» Instructions to follow: Every record is to be transcribed exactly as written.
• • • • • • •
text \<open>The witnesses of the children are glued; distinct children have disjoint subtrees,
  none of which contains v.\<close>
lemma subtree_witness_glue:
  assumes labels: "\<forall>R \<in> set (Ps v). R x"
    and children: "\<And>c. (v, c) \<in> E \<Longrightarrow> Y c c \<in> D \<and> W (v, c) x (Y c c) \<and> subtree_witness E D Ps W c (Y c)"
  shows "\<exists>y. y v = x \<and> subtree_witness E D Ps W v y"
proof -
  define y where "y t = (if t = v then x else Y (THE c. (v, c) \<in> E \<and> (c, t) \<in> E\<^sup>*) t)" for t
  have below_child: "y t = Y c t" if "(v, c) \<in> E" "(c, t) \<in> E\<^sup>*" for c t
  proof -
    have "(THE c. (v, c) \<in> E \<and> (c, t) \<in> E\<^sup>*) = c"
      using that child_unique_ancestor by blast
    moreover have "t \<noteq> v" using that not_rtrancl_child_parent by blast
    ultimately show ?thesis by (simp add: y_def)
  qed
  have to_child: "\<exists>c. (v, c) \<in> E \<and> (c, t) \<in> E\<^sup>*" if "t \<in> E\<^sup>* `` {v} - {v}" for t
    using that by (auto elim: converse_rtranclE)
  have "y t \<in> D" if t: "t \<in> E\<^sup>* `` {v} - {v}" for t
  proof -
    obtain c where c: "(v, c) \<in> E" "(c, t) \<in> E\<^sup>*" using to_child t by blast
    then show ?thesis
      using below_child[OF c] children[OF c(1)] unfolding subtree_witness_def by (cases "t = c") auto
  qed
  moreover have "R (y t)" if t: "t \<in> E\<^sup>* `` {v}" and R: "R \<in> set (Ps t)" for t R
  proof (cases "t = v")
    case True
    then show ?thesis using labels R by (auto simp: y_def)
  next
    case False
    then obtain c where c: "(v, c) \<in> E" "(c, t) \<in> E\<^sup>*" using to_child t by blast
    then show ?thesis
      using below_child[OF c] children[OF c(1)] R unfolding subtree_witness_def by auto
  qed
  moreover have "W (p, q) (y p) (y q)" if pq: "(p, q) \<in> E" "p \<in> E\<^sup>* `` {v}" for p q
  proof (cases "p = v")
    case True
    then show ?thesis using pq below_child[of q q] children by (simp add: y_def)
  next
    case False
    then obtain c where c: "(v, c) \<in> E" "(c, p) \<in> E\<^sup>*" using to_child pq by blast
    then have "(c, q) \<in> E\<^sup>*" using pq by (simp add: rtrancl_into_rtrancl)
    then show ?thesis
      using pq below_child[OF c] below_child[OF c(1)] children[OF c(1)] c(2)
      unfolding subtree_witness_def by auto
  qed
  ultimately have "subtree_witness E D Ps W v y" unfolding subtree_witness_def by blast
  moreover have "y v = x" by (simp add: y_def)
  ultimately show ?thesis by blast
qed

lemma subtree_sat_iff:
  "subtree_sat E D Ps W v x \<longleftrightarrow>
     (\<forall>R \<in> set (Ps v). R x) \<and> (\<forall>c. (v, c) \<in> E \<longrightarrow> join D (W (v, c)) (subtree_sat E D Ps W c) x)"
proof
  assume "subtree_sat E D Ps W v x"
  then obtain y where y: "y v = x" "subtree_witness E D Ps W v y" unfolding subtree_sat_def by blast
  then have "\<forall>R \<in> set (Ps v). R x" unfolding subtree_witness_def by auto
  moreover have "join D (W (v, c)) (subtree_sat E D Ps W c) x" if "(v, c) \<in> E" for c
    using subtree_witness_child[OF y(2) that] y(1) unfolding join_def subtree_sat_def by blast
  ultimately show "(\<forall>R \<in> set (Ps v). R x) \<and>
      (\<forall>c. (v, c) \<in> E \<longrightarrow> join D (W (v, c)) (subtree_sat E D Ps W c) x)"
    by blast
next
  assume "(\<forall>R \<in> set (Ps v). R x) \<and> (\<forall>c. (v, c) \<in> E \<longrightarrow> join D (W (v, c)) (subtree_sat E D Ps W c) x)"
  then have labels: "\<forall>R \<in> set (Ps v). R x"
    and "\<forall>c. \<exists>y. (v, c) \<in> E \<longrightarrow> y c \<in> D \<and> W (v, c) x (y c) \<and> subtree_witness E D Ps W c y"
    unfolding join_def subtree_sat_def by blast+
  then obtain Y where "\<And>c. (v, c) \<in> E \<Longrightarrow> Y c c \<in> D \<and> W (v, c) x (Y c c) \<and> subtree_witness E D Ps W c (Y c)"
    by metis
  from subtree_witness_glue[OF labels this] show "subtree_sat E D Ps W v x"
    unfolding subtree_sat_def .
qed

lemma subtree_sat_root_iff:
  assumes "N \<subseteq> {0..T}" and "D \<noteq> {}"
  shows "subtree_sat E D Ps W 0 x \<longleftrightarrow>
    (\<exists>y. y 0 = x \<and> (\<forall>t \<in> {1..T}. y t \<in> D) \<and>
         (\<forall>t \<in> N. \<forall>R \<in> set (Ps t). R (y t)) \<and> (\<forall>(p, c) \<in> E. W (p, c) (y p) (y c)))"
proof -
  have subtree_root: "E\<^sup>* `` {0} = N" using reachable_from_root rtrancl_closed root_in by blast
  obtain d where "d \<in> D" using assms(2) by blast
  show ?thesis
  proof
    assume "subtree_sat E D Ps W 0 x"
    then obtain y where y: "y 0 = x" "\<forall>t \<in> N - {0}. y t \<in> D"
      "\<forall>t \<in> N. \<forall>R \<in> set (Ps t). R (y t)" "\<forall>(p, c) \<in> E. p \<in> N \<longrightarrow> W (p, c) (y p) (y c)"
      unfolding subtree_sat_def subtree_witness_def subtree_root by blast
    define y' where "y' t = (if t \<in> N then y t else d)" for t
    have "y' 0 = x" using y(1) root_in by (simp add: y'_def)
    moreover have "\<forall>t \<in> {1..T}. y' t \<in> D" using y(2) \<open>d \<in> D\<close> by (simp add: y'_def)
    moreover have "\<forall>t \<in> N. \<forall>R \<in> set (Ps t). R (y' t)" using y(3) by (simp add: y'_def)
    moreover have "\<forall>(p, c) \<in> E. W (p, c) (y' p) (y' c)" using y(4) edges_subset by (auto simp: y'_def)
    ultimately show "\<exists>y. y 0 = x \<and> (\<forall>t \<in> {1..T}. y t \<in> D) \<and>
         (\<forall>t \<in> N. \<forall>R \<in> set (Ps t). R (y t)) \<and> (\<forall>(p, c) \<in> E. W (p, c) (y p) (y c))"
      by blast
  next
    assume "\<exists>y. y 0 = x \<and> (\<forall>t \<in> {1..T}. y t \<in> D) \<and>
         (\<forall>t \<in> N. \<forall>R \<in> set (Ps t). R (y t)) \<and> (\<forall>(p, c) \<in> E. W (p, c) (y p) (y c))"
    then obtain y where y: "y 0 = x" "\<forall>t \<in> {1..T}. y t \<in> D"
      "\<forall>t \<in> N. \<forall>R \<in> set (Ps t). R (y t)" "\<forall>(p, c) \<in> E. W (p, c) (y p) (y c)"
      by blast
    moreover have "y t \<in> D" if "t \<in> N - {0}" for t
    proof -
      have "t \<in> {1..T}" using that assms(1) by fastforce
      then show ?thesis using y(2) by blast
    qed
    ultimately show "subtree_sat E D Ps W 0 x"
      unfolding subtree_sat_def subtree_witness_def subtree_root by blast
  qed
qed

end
• • • • • • •
» Final answer:
text \<open>The witnesses of the children are glued; distinct children have disjoint subtrees,
  none of which contains v.\<close>
lemma subtree_witness_glue:
  assumes labels: "\<forall>R \<in> set (Ps v). R x"
    and children: "\<And>c. (v, c) \<in> E \<Longrightarrow> Y c c \<in> D \<and> W (v, c) x (Y c c) \<and> subtree_witness E D Ps W c (Y c)"
  shows "\<exists>y. y v = x \<and> subtree_witness E D Ps W v y"
proof -
  define y where "y t = (if t = v then x else Y (THE c. (v, c) \<in> E \<and> (c, t) \<in> E\<^sup>*) t)" for t
  have below_child: "y t = Y c t" if "(v, c) \<in> E" "(c, t) \<in> E\<^sup>*" for c t
  proof -
    have "(THE c. (v, c) \<in> E \<and> (c, t) \<in> E\<^sup>*) = c"
      using that child_unique_ancestor by blast
    moreover have "t \<noteq> v" using that not_rtrancl_child_parent by blast
    ultimately show ?thesis by (simp add: y_def)
  qed
  have to_child: "\<exists>c. (v, c) \<in> E \<and> (c, t) \<in> E\<^sup>*" if "t \<in> E\<^sup>* `` {v} - {v}" for t
    using that by (auto elim: converse_rtranclE)
  have "y t \<in> D" if t: "t \<in> E\<^sup>* `` {v} - {v}" for t
  proof -
    obtain c where c: "(v, c) \<in> E" "(c, t) \<in> E\<^sup>*" using to_child t by blast
    then show ?thesis
      using below_child[OF c] children[OF c(1)] unfolding subtree_witness_def by (cases "t = c") auto
  qed
  moreover have "R (y t)" if t: "t \<in> E\<^sup>* `` {v}" and R: "R \<in> set (Ps t)" for t R
  proof (cases "t = v")
    case True
    then show ?thesis using labels R by (auto simp: y_def)
  next
    case False
    then obtain c where c: "(v, c) \<in> E" "(c, t) \<in> E\<^sup>*" using to_child t by blast
    then show ?thesis
      using below_child[OF c] children[OF c(1)] R unfolding subtree_witness_def by auto
  qed
  moreover have "W (p, q) (y p) (y q)" if pq: "(p, q) \<in> E" "p \<in> E\<^sup>* `` {v}" for p q
  proof (cases "p = v")
    case True
    then show ?thesis using pq below_child[of q q] children by (simp add: y_def)
  next
    case False
    then obtain c where c: "(v, c) \<in> E" "(c, p) \<in> E\<^sup>*" using to_child pq by blast
    then have "(c, q) \<in> E\<^sup>*" using pq by (simp add: rtrancl_into_rtrancl)
    then show ?thesis
      using pq below_child[OF c] below_child[OF c(1)] children[OF c(1)] c(2)
      unfolding subtree_witness_def by auto
  qed
  ultimately have "subtree_witness E D Ps W v y" unfolding subtree_witness_def by blast
  moreover have "y v = x" by (simp add: y_def)
  ultimately show ?thesis by blast
qed

lemma subtree_sat_iff:
  "subtree_sat E D Ps W v x \<longleftrightarrow>
     (\<forall>R \<in> set (Ps v). R x) \<and> (\<forall>c. (v, c) \<in> E \<longrightarrow> join D (W (v, c)) (subtree_sat E D Ps W c) x)"
proof
  assume "subtree_sat E D Ps W v x"
  then obtain y where y: "y v = x" "subtree_witness E D Ps W v y" unfolding subtree_sat_def by blast
  then have "\<forall>R \<in> set (Ps v). R x" unfolding subtree_witness_def by auto
  moreover have "join D (W (v, c)) (subtree_sat E D Ps W c) x" if "(v, c) \<in> E" for c
    using subtree_witness_child[OF y(2) that] y(1) unfolding join_def subtree_sat_def by blast
  ultimately show "(\<forall>R \<in> set (Ps v). R x) \<and>
      (\<forall>c. (v, c) \<in> E \<longrightarrow> join D (W (v, c)) (subtree_sat E D Ps W c) x)"
    by blast
next
  assume "(\<forall>R \<in> set (Ps v). R x) \<and> (\<forall>c. (v, c) \<in> E \<longrightarrow> join D (W (v, c)) (subtree_sat E D Ps W c) x)"
  then have labels: "\<forall>R \<in> set (Ps v). R x"
    and "\<forall>c. \<exists>y. (v, c) \<in> E \<longrightarrow> y c \<in> D \<and> W (v, c) x (y c) \<and> subtree_witness E D Ps W c y"
    unfolding join_def subtree_sat_def by blast+
  then obtain Y where "\<And>c. (v, c) \<in> E \<Longrightarrow> Y c c \<in> D \<and> W (v, c) x (Y c c) \<and> subtree_witness E D Ps W c (Y c)"
    by metis
  from subtree_witness_glue[OF labels this] show "subtree_sat E D Ps W v x"
    unfolding subtree_sat_def .
qed

lemma subtree_sat_root_iff:
  assumes "N \<subseteq> {0..T}" and "D \<noteq> {}"
  shows "subtree_sat E D Ps W 0 x \<longleftrightarrow>
    (\<exists>y. y 0 = x \<and> (\<forall>t \<in> {1..T}. y t \<in> D) \<and>
         (\<forall>t \<in> N. \<forall>R \<in> set (Ps t). R (y t)) \<and> (\<forall>(p, c) \<in> E. W (p, c) (y p) (y c)))"
proof -
  have subtree_root: "E\<^sup>* `` {0} = N" using reachable_from_root rtrancl_closed root_in by blast
  obtain d where "d \<in> D" using assms(2) by blast
  show ?thesis
  proof
    assume "subtree_sat E D Ps W 0 x"
    then obtain y where y: "y 0 = x" "\<forall>t \<in> N - {0}. y t \<in> D"
      "\<forall>t \<in> N. \<forall>R \<in> set (Ps t). R (y t)" "\<forall>(p, c) \<in> E. p \<in> N \<longrightarrow> W (p, c) (y p) (y c)"
      unfolding subtree_sat_def subtree_witness_def subtree_root by blast
    define y' where "y' t = (if t \<in> N then y t else d)" for t
    have "y' 0 = x" using y(1) root_in by (simp add: y'_def)
    moreover have "\<forall>t \<in> {1..T}. y' t \<in> D" using y(2) \<open>d \<in> D\<close> by (simp add: y'_def)
    moreover have "\<forall>t \<in> N. \<forall>R \<in> set (Ps t). R (y' t)" using y(3) by (simp add: y'_def)
    moreover have "\<forall>(p, c) \<in> E. W (p, c) (y' p) (y' c)" using y(4) edges_subset by (auto simp: y'_def)
    ultimately show "\<exists>y. y 0 = x \<and> (\<forall>t \<in> {1..T}. y t \<in> D) \<and>
         (\<forall>t \<in> N. \<forall>R \<in> set (Ps t). R (y t)) \<and> (\<forall>(p, c) \<in> E. W (p, c) (y p) (y c))"
      by blast
  next
    assume "\<exists>y. y 0 = x \<and> (\<forall>t \<in> {1..T}. y t \<in> D) \<and>
         (\<forall>t \<in> N. \<forall>R \<in> set (Ps t). R (y t)) \<and> (\<forall>(p, c) \<in> E. W (p, c) (y p) (y c))"
    then obtain y where y: "y 0 = x" "\<forall>t \<in> {1..T}. y t \<in> D"
      "\<forall>t \<in> N. \<forall>R \<in> set (Ps t). R (y t)" "\<forall>(p, c) \<in> E. W (p, c) (y p) (y c)"
      by blast
    moreover have "y t \<in> D" if "t \<in> N - {0}" for t
    proof -
      have "t \<in> {1..T}" using that assms(1) by fastforce
      then show ?thesis using y(2) by blast
    qed
    ultimately show "subtree_sat E D Ps W 0 x"
      unfolding subtree_sat_def subtree_witness_def subtree_root by blast
  qed
qed

end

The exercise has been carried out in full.